The Consumer Finance Protection Bureau (CFPB) was established in response to the 2008 financial crisis to improve consumer financial protection practices. Some of the emphasis of the Bureau over the last five years has been to combat the bad practices of payday lenders, credit card companies, and debt collectors, to name a few. One of the most notable victories of recent has been the investigation of Wells Fargo Bank and its practice of opening fraudulent accounts without the knowledge of its customers.
But the Bureau is not without opposition from both Wall Street and some of it’s allies in Congress. There is a case: PHH Mortgage Corp. vs. CFPB which is an attempt to undermine the Bureau. The decision at first instance would give the president the discretionary power to remove the Bureau’s director. With the expected move of the incoming administration towards financial deregulation, there is concern that the first instance decision will be the impetus for the removal of the current director Richard Cordray. Hopefully the decision which is under review by the D.C. Circuit Court of Appeals will reverse the panel court’s decision.

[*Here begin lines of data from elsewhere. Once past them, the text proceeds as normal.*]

(* Let $G(A,B)$ be a matching-covered bipartite graph. Then $G(A,B)$ has an equivalent class if and only if $G(A,B)$ has a 2-edge-cut which separates $G(A,B)$ into two balanced components.
   Context: A matching-covered graph is a connected graph with a perfect matching in which every edge lies in some perfect matching. Two edges of a matching-covered graph $G$ are equivalent if every perfect matching of $G$ either contains both of them or contains neither. An equivalent class of $G$ is a set $K\subseteq E(G)$ with at least two edges such that any two edges of $K$ are equivalent. A 2-edge-cut separating $G$ into two components is a set $S$ of two edges such that $G\setminus S$ has exactly two components and $S$ consists of the edges between them. A bipartite component with bipartition $(A',B')$ is balanced if $|A'|=|B'|$. *)

theory Defs
  imports Main
begin

definition simple_graph :: "'a set \<Rightarrow> 'a set set \<Rightarrow> bool" where
  "simple_graph V E \<longleftrightarrow> finite V \<and>
     (\<forall>e\<in>E. \<exists>u v. e = {u, v} \<and> u \<noteq> v \<and> u \<in> V \<and> v \<in> V)"

definition adj :: "'a set set \<Rightarrow> 'a \<Rightarrow> 'a \<Rightarrow> bool" where
  "adj E u v \<longleftrightarrow> {u, v} \<in> E"

definition connected_graph :: "'a set \<Rightarrow> 'a set set \<Rightarrow> bool" where
  "connected_graph V E \<longleftrightarrow> V \<noteq> {} \<and> (\<forall>u\<in>V. \<forall>v\<in>V. (adj E)\<^sup>*\<^sup>* u v)"

definition is_component :: "'a set \<Rightarrow> 'a set set \<Rightarrow> 'a set \<Rightarrow> bool" where
  "is_component V F X \<longleftrightarrow> X \<subseteq> V \<and> connected_graph X {e\<in>F. e \<subseteq> X} \<and>
     (\<forall>e\<in>F. e \<inter> X \<noteq> {} \<longrightarrow> e \<subseteq> X)"

definition perfect_matching :: "'a set \<Rightarrow> 'a set set \<Rightarrow> 'a set set \<Rightarrow> bool" where
  "perfect_matching V E M \<longleftrightarrow> M \<subseteq> E \<and> (\<forall>v\<in>V. \<exists>!e. e \<in> M \<and> v \<in> e)"

definition matching_covered :: "'a set \<Rightarrow> 'a set set \<Rightarrow> bool" where
  "matching_covered V E \<longleftrightarrow> connected_graph V E \<and> (\<exists>M. perfect_matching V E M) \<and>
     (\<forall>e\<in>E. \<exists>M. perfect_matching V E M \<and> e \<in> M)"

definition bipartite_with :: "'a set \<Rightarrow> 'a set set \<Rightarrow> 'a set \<Rightarrow> 'a set \<Rightarrow> bool" where
  "bipartite_with V E A B \<longleftrightarrow> A \<inter> B = {} \<and> A \<union> B = V \<and>
     (\<forall>e\<in>E. card (e \<inter> A) = 1 \<and> card (e \<inter> B) = 1)"

definition equivalent_edges :: "'a set \<Rightarrow> 'a set set \<Rightarrow> 'a set \<Rightarrow> 'a set \<Rightarrow> bool" where
  "equivalent_edges V E e f \<longleftrightarrow> (\<forall>M. perfect_matching V E M \<longrightarrow> (e \<in> M \<longleftrightarrow> f \<in> M))"

definition equivalent_class :: "'a set \<Rightarrow> 'a set set \<Rightarrow> 'a set set \<Rightarrow> bool" where
  "equivalent_class V E K \<longleftrightarrow> K \<subseteq> E \<and> card K \<ge> 2 \<and>
     (\<forall>e\<in>K. \<forall>f\<in>K. equivalent_edges V E e f)"
lemma char_chromatic_entropy_le_code_rate:
  fixes P :: "'x::finite \<Rightarrow> 'y::finite \<Rightarrow> real" and g :: "'y \<Rightarrow> 'z::finite"
  assumes P: "is_joint_dist P" and "n > 0" and code: "zero_error_code P f g n R enc dec"
  shows "char_chromatic_entropy P f g n \<le> real n * R"
proof -
  let ?V = "char_vertices n :: ('x list \<times> 'z list) set"
  define c where "c v = to_nat (enc (fst v) (snd v))" for v :: "'x list \<times> 'z list"
  have "prefix_free ((\<lambda>v. enc (fst v) (snd v)) ` ?V)"
    using code by (simp add: zero_error_code_def char_vertices_def case_prod_beta)
  then have "(\<Sum>w\<in>(\<lambda>v. enc (fst v) (snd v)) ` ?V. (1/2::real) ^ length w) \<le> 1"
    by (intro kraft_inequality) simp_all
  moreover have "c ` ?V = to_nat ` (\<lambda>v. enc (fst v) (snd v)) ` ?V"
    by (simp add: c_def image_image)
  ultimately have kraft: "(\<Sum>k\<in>c ` ?V. (1/2::real) ^ length (from_nat k :: bool list)) \<le> 1"
    by (simp add: sum.reindex)
  have "char_chromatic_entropy P f g n \<le> entropy_of_map ?V (char_dist P g n) c"
    unfolding c_def by (intro chromatic_entropy_le finite_distribution_char_dist P zero_error_code_coloring[OF P code])
  also have "\<dots> \<le> (\<Sum>v\<in>?V. char_dist P g n v * real (length (from_nat (c v) :: bool list)))"
    by (rule entropy_of_map_le_expected_length[OF finite_distribution_char_dist[OF P] kraft])
  also have "\<dots> = (\<Sum>xs\<in>lists_of_length n. \<Sum>ys\<in>lists_of_length n. Pn P n xs ys * real (length (enc xs (map g ys))))"
    using sum_Pn_eq_sum_char_dist[where h = "\<lambda>xs zs. real (length (enc xs zs))" and P = P and g = g]
    by (simp add: c_def)
  also have "\<dots> = real n * R"
    using code \<open>n > 0\<close> by (simp add: zero_error_code_def)
  finally show ?thesis .
qed
(* Let $\ell\ge1$, $N=2^\ell$, $n_c,n_v\ge1$, and let ${\mathbf x}_{h,u}\in\mathbb{F}_2^\ell$ for $h\in\{0,\dots,n_c-1\}$, $u\in\{0,\dots,n_v-1\}$. Let $H$ be the $n_cN\times n_vN$ block matrix whose $(h,u)$ block is $P_{{\mathbf x}_{h,u}}$. For $0\le h<i\le n_c-1$ and ${\boldsymbol\alpha}\in\mathbb{F}_2^\ell$, let $\rho_{h,i}({\boldsymbol\alpha})=|\{u\in\{0,\dots,n_v-1\}: {\mathbf x}_{h,u}+{\mathbf x}_{i,u}={\boldsymbol\alpha}\}|$ (the multiplicity of ${\boldsymbol\alpha}$ in the multiset $A_{h,i}=\{{\mathbf x}_{h,u}+{\mathbf x}_{i,u}: u\}$). Then the number of $4$-cycles in the Tanner graph of $H$ is $$\mathcal{N}_4=2^\ell\sum_{0\le h<i\le n_c-1}\ \sum_{{\boldsymbol\alpha}\in\mathbb{F}_2^\ell}\binom{\rho_{h,i}({\boldsymbol\alpha})}{2}.$$ Consequently, the Tanner graph of $H$ has girth greater than $4$ if and only if, for every $h<i$, the elements ${\mathbf x}_{h,u}+{\mathbf x}_{i,u}$, $u=0,\dots,n_v-1$, are pairwise distinct.
   Context: Rows and columns of $N\times N$ binary matrices are indexed by $\mathbb{F}_2^\ell$ via ${\mathbf x}=(x_1,\dots,x_\ell)\leftrightarrow 1+\sum_i x_i2^{i-1}$. For ${\mathbf a}\in\mathbb{F}_2^\ell$, $P_{\mathbf a}$ is the $N\times N$ binary matrix with $(P_{\mathbf a})_{{\mathbf x},{\mathbf y}}=1$ iff ${\mathbf y}={\mathbf x}+{\mathbf a}$ (dyadic permutation matrix). The Tanner graph of a binary matrix is the bipartite graph with check nodes = rows, variable nodes = columns, and edges at the $1$-entries. A $k$-cycle is a closed walk of $k$ edges with distinct vertices and edges; the girth is the length of a shortest cycle. *)

theory Defs
  imports Main "HOL-Library.Extended_Nat"
begin

text \<open>Vectors of F_2^l are represented as boolean lists of length l; addition is
componentwise exclusive or.\<close>

definition F2vecs :: "nat \<Rightarrow> bool list set" where
  "F2vecs l = {xs. length xs = l}"

definition vadd :: "bool list \<Rightarrow> bool list \<Rightarrow> bool list" where
  "vadd xs ys = map2 (\<noteq>) xs ys"

definition dyadic_perm :: "bool list \<Rightarrow> bool list \<Rightarrow> bool list \<Rightarrow> bool" where
  "dyadic_perm a x y \<longleftrightarrow> y = vadd x a"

But that hasn’t stopped those who seek to undermine the Bureau to make an attempt under the current law to have Cordray removed “for inefficiency, neglect of duty, or malfeasance in office.” This is in the face of the panel court’s finding of “a man of substantial accomplishment and of longstanding and dedicated devotion to public service and the public good.”
And the result down the road for consumers if both the CFPB and it’s director are successfully undermined? Probably a return to the days of an under-regulated industry and predatory practices!